Synthesis of MoS2 nanoparticles
The synthesis is divided into two parts. First, (NH4)2MoS4 was synthesized. To a 5 g ammonium heptamolybdate, 30 mL Conc. NH4OH was added. Then, the H2S gas was passed rapidly through the filtrate. The color of the solution initially changed to yellow and gradually turns to red. After passing H2S for 30 min, the crystals deposition started. Upon initiation of crystal formation, purging of H2S was stopped and the red solution was allowed to cool at 0 °C and red crystals of ammonium tetrathiomolybdate were isolated by filtration (G4) frit. After that, the crystals were washed in distilled water and ethanol. In the second step, the (NH4)2MoS4 was reacted with sodium dithionite to obtain the MoS2 particles. 100 mL 0.01 M (NH4)2MoS4 was taken in 250-mL round-bottom flask. To it, solid 0.7 g sodium dithionite was added very quickly. After that, 2 mL of 0.5 M HCl was added in a dropwise manner and stirred for another 30 min. Then to it, 100 mL 0.1 M (1.8 g in 100 mL) fructose solution was added and stirring was continued for another 30 min. It was left for 2 h for the completion of the nucleation process. After that, it was centrifuged three times with water and three times with acetone and vacuum dried for further use. Figure S2 of supplementary information shows the schematic diagram of the MoS2 preparation [30].

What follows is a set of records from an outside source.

(* Let $\mathcal H$ be a real Hilbert space and let $f:\mathcal H\to\mathbb R$ be continuously differentiable and $\mu$-strongly convex for some $\mu>0$, with unique minimizer $x^*$. Let $t_0>0$ and let $u:[t_0,+\infty[\to\mathcal H$ be a classical solution of $$\dddot u(t)+3\sqrt\mu\,\ddot u(t)+2\mu\,\dot u(t)+\sqrt\mu\,\nabla f\Big(u(t)+\tfrac{1}{\sqrt\mu}\dot u(t)\Big)=0 .$$ Set $y(t)=u(t)+\frac{1}{\sqrt\mu}\dot u(t)$, $$\mathcal E(t)=f(y(t))-\inf_{\mathcal H}f+\frac12\Big\|\sqrt\mu\,(y(t)-x^* )+\dot u(t)+\tfrac1{\sqrt\mu}\ddot u(t)\Big\|^2,$$ $F(t_0)=f(u(t_0))-\inf_{\mathcal H}f$ and $C=\mathcal E(t_0)e^{\sqrt\mu\,t_0}$. Then for all $t\ge t_0$: $$f(y(t))-\inf_{\mathcal H}f\le \mathcal E(t_0)e^{-\sqrt\mu(t-t_0)};$$ $$f(u(t))-\inf_{\mathcal H}f\le\big(C\sqrt\mu\,t+e^{\sqrt\mu t_0}F(t_0)-C\sqrt\mu\,t_0\big)e^{-\sqrt\mu t};$$ $$\|y(t)-x^*\|^2\le\frac{e^{\sqrt\mu t_0}}{\sqrt\mu}\Big(\sqrt\mu\,\|y(t_0)-x^*\|^2+2\mathcal E(t_0)(t-t_0)\Big)e^{-\sqrt\mu t};$$ $$\|u(t)-x^*\|^2\le\frac{2}{\mu}\big(C\sqrt\mu\,t+e^{\sqrt\mu t_0}F(t_0)-C\sqrt\mu\,t_0\big)e^{-\sqrt\mu t}.$$
   Context: $f$ is $\mu$-strongly convex if $f-\frac\mu2\|\cdot\|^2$ is convex. $\dot u,\ddot u,\dddot u$ are time derivatives of $u$. *)

theory Defs
  imports "HOL-Analysis.Analysis"
begin

definition strongly_convex :: "real \<Rightarrow> ('a::real_inner \<Rightarrow> real) \<Rightarrow> bool" where
  "strongly_convex \<mu> f \<longleftrightarrow> convex_on UNIV (\<lambda>x. f x - \<mu> / 2 * (norm x)\<^sup>2)"

end

theory Submission
  imports Defs
begin

(*
  Write s = sqrt mu. The shifted trajectory y = u + u'/s solves the heavy-ball system
  y'' + 2 s y' + grad f(y) = 0, and strong convexity at y towards the minimizer gives
  E' + s E <= 0 for E = f(y) - f(xs) + 1/2 |s (y - xs) + y'|^2, so exp(s t) E(t) is nonincreasing.
  Every other estimate is a differential inequality phi' + s phi <= K exp(-s t), which integrates
  to exp(s t) phi(t) <= exp(s t0) phi(t0) + K (t - t0): for phi = f(u) - f(xs) because u' = s (y - u)
  and convexity give d/dt f(u) <= s (f(y) - f(u)); for phi = |y - xs|^2 because
  s (phi' + s phi) = |s (y - xs) + y'|^2 - |y'|^2 <= 2 E. The bound on |u - xs|^2 then follows
  from strong convexity at the minimizer, where the gradient vanishes.
*)

lemma convex_on_along_line:
  fixes g :: "'a::real_vector \<Rightarrow> real"
  assumes "convex_on UNIV g"
  shows "convex_on UNIV (\<lambda>t. g (x + t *\<^sub>R d))"
proof (rule convex_onI)
  fix t a b :: real
  assume t: "0 < t" "t < 1"
  have "x + ((1 - t) *\<^sub>R a + t *\<^sub>R b) *\<^sub>R d
      = (1 - t) *\<^sub>R (x + a *\<^sub>R d) + t *\<^sub>R (x + b *\<^sub>R d)"
    by (simp add: algebra_simps)
  then show "g (x + ((1 - t) *\<^sub>R a + t *\<^sub>R b) *\<^sub>R d)
      \<le> (1 - t) * g (x + a *\<^sub>R d) + t * g (x + b *\<^sub>R d)"
    using convex_onD[OF assms, of t] t by simp
qed simp

lemma convex_on_above_tangent:
  fixes g :: "'a::real_normed_vector \<Rightarrow> real"
  assumes convex: "convex_on UNIV g" and deriv: "(g has_derivative g') (at x)"
  shows "g x + g' (z - x) \<le> g z"
proof -
  define h where "h = (\<lambda>t. g (x + t *\<^sub>R (z - x)))"
  interpret bounded_linear g'
    using deriv by (rule has_derivative_bounded_linear)
  have "((\<lambda>t. x + t *\<^sub>R (z - x)) has_derivative (\<lambda>t. t *\<^sub>R (z - x))) (at 0)"
    by (auto intro!: derivative_eq_intros)
  from has_derivative_compose[OF this, of g g'] deriv
  have "(h has_derivative (\<lambda>t. g' (t *\<^sub>R (z - x)))) (at 0)"
    by (simp add: h_def)
  then have "(h has_field_derivative g' (z - x)) (at 0)"
    by (rule has_derivative_imp_has_field_derivative) (simp add: scaleR)
  moreover have "convex_on UNIV h"
    unfolding h_def by (rule convex_on_along_line[OF convex])
  ultimately have "h 1 - h 0 \<ge> g' (z - x) * (1 - 0)"
    by (intro convex_on_imp_above_tangent) auto
  then show ?thesis
    by (simp add: h_def)
qed

lemma strongly_convex_above_tangent:
  fixes f :: "'a::real_inner \<Rightarrow> real"
  assumes "strongly_convex \<mu> f" and "(f has_derivative (\<lambda>h. g \<bullet> h)) (at x)"
  shows "f x + g \<bullet> (z - x) + \<mu> / 2 * (norm (z - x))\<^sup>2 \<le> f z"
proof -
  have convex: "convex_on UNIV (\<lambda>x. f x - \<mu> / 2 * (x \<bullet> x))"
    using assms(1) unfolding strongly_convex_def by (simp add: power2_norm_eq_inner)
  have "((\<lambda>x. f x - \<mu> / 2 * (x \<bullet> x))
      has_derivative (\<lambda>h. g \<bullet> h - \<mu> / 2 * (h \<bullet> x + x \<bullet> h))) (at x)"
    by (auto intro!: derivative_eq_intros assms(2))
  from convex_on_above_tangent[OF convex this, of z] show ?thesis
    by (simp add: power2_norm_eq_inner inner_commute algebra_simps)
qed

lemma strongly_convex_dist_minimizer:
  fixes f :: "'a::real_inner \<Rightarrow> real"
  assumes "strongly_convex \<mu> f" and "\<mu> > 0"
    and deriv: "(f has_derivative (\<lambda>h. g \<bullet> h)) (at xs)" and min: "\<And>x. f xs \<le> f x"
  shows "(norm (z - xs))\<^sup>2 \<le> 2 / \<mu> * (f z - f xs)"
proof -
  have "(\<lambda>h. g \<bullet> h) = (\<lambda>h. 0)"
    by (rule differential_zero_maxmin[of xs UNIV, OF _ _ deriv]) (auto intro: min)
  then have "g = 0"
    by (metis inner_eq_zero_iff)
  with strongly_convex_above_tangent[OF assms(1) deriv, of z] \<open>\<mu> > 0\<close> show ?thesis
    by (simp add: field_simps)
qed

lemma has_real_derivative_inner_self:
  fixes w :: "real \<Rightarrow> 'a::real_inner"
  assumes "(w has_vector_derivative w') (at t within S)"
  shows "((\<lambda>t. w t \<bullet> w t) has_real_derivative 2 * (w t \<bullet> w')) (at t within S)"
proof -
  note deriv = assms[unfolded has_vector_derivative_def]
  show ?thesis
    using has_derivative_inner[OF deriv deriv]
    by (rule has_derivative_imp_has_field_derivative) (simp add: inner_commute algebra_simps)
qed

lemma has_real_derivative_gradient_comp:
  fixes f :: "'a::real_inner \<Rightarrow> real"
  assumes "(f has_derivative (\<lambda>h. g \<bullet> h)) (at (\<gamma> t))"
    and "(\<gamma> has_vector_derivative \<gamma>') (at t within S)"
  shows "((\<lambda>t. f (\<gamma> t)) has_real_derivative g \<bullet> \<gamma>') (at t within S)"
  using has_derivative_compose[OF assms(2)[unfolded has_vector_derivative_def] assms(1)]
  by (rule has_derivative_imp_has_field_derivative) simp

lemma exp_weighted_growth_bound:
  fixes \<phi> \<phi>' :: "real \<Rightarrow> real"
  assumes deriv: "\<And>t. t \<ge> t0 \<Longrightarrow> (\<phi> has_real_derivative \<phi>' t) (at t within {t0..})"
    and bound: "\<And>t. t \<ge> t0 \<Longrightarrow> exp (s * t) * (\<phi>' t + s * \<phi> t) \<le> K"
    and t: "t \<ge> t0"
  shows "exp (s * t) * \<phi> t \<le> exp (s * t0) * \<phi> t0 + K * (t - t0)"
proof -
  define \<psi> \<psi>' where "\<psi> t = exp (s * t) * \<phi> t - K * t"
    and "\<psi>' t = exp (s * t) * (\<phi>' t + s * \<phi> t) - K" for t
  have "\<exists>\<xi>\<in>{t0..t}. \<psi> t - \<psi> t0 = (t - t0) * \<psi>' \<xi>"
  proof (rule mvt_very_simple[OF t])
    fix \<xi> assume "t0 \<le> \<xi>" "\<xi> \<le> t"
    then have "(\<phi> has_real_derivative \<phi>' \<xi>) (at \<xi> within {t0..t})"
      by (auto intro: has_field_derivative_subset[OF deriv])
    then have "(\<psi> has_real_derivative \<psi>' \<xi>) (at \<xi> within {t0..t})"
      unfolding \<psi>_def \<psi>'_def by (auto intro!: derivative_eq_intros simp: algebra_simps)
    then show "(\<psi> has_derivative (\<lambda>h. h * \<psi>' \<xi>)) (at \<xi> within {t0..t})"
      by (simp add: has_field_derivative_def mult.commute[of _ "\<psi>' \<xi>"])
  qed
  then obtain \<xi> where "\<xi> \<ge> t0" "\<psi> t - \<psi> t0 = (t - t0) * \<psi>' \<xi>"
    by auto
  moreover have "(t - t0) * \<psi>' \<xi> \<le> 0"
    using bound[OF \<open>\<xi> \<ge> t0\<close>] t unfolding \<psi>'_def by (simp add: mult_nonneg_nonpos)
  ultimately show ?thesis
    unfolding \<psi>_def by (simp add: algebra_simps)
qed

lemma mult_exp_le_iff:
  fixes s t a b :: real
  shows "exp (s * t) * a \<le> b \<longleftrightarrow> a \<le> b * exp (- s * t)"
proof -
  have "b * exp (- s * t) = b / exp (s * t)"
    by (simp add: exp_minus divide_inverse)
  then show ?thesis
    by (simp add: pos_le_divide_eq mult.commute)
qed

locale third_order_flow =
  fixes f :: "'a::real_inner \<Rightarrow> real" and gradf :: "'a \<Rightarrow> 'a"
    and \<mu> t0 :: real and xs :: 'a and u u1 u2 u3 :: "real \<Rightarrow> 'a"
  assumes grad: "\<And>x. (f has_derivative (\<lambda>h. gradf x \<bullet> h)) (at x)"
    and mu_pos: "\<mu> > 0"
    and sconv: "strongly_convex \<mu> f"
    and minimizer: "\<And>x. f xs \<le> f x"
    and du: "\<And>t. t \<ge> t0 \<Longrightarrow> (u has_vector_derivative u1 t) (at t within {t0..})"
    and du1: "\<And>t. t \<ge> t0 \<Longrightarrow> (u1 has_vector_derivative u2 t) (at t within {t0..})"
    and du2: "\<And>t. t \<ge> t0 \<Longrightarrow> (u2 has_vector_derivative u3 t) (at t within {t0..})"
    and ode: "\<And>t. t \<ge> t0 \<Longrightarrow>
       u3 t + (3 * sqrt \<mu>) *\<^sub>R u2 t + (2 * \<mu>) *\<^sub>R u1 t
       + sqrt \<mu> *\<^sub>R gradf (u t + (1 / sqrt \<mu>) *\<^sub>R u1 t) = 0"
begin

definition rate :: real where "rate = sqrt \<mu>"

lemma rate_pos: "rate > 0"
  using mu_pos by (simp add: rate_def)

lemma rate_square: "rate * rate = \<mu>"
  using mu_pos by (simp add: rate_def)

definition y :: "real \<Rightarrow> 'a" where "y t = u t + (1 / rate) *\<^sub>R u1 t"

definition velocity :: "real \<Rightarrow> 'a" where "velocity t = u1 t + (1 / rate) *\<^sub>R u2 t"

definition shifted_velocity :: "real \<Rightarrow> 'a" where
  "shifted_velocity t = rate *\<^sub>R (y t - xs) + velocity t"

definition energy :: "real \<Rightarrow> real" where
  "energy t = f (y t) - f xs + 1/2 * (norm (shifted_velocity t))\<^sup>2"

lemma y_has_vector_derivative:
  "t \<ge> t0 \<Longrightarrow> (y has_vector_derivative velocity t) (at t within {t0..})"
  unfolding y_def[abs_def] velocity_def
  by (auto intro!: derivative_eq_intros du du1)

Synthesis of CeO2 nanoparticles
Cerium oxide nanoparticles (NPs) were synthesized from aqueous solutions of cerium (III) nitrate and HMTA using reported method [32]. In typical procedure, 20 mL of Ce(NO3)3·6H2O, 0.0125 M was added in a dropwise manner to 200 mL 0.0125 M HMTA and stirred for 30 min. Then, the mixture was heated at 75–80 °C with continuous stirring. A white colloidal suspension is formed within 30 min. This white colloidal suspension is to be left for 2 h at room temperature, so that it cools down gradually. The CeO2 nanoparticles were separated from the cooled suspension by centrifugation. The white particles were washed with deionized water to remove soluble impurities followed by washing with acetone and dried in vacuum and further characterized using SEM, TEM, Raman, and XRD. Figure S3 of supplementary information shows the schematic diagram of CeO2 preparation.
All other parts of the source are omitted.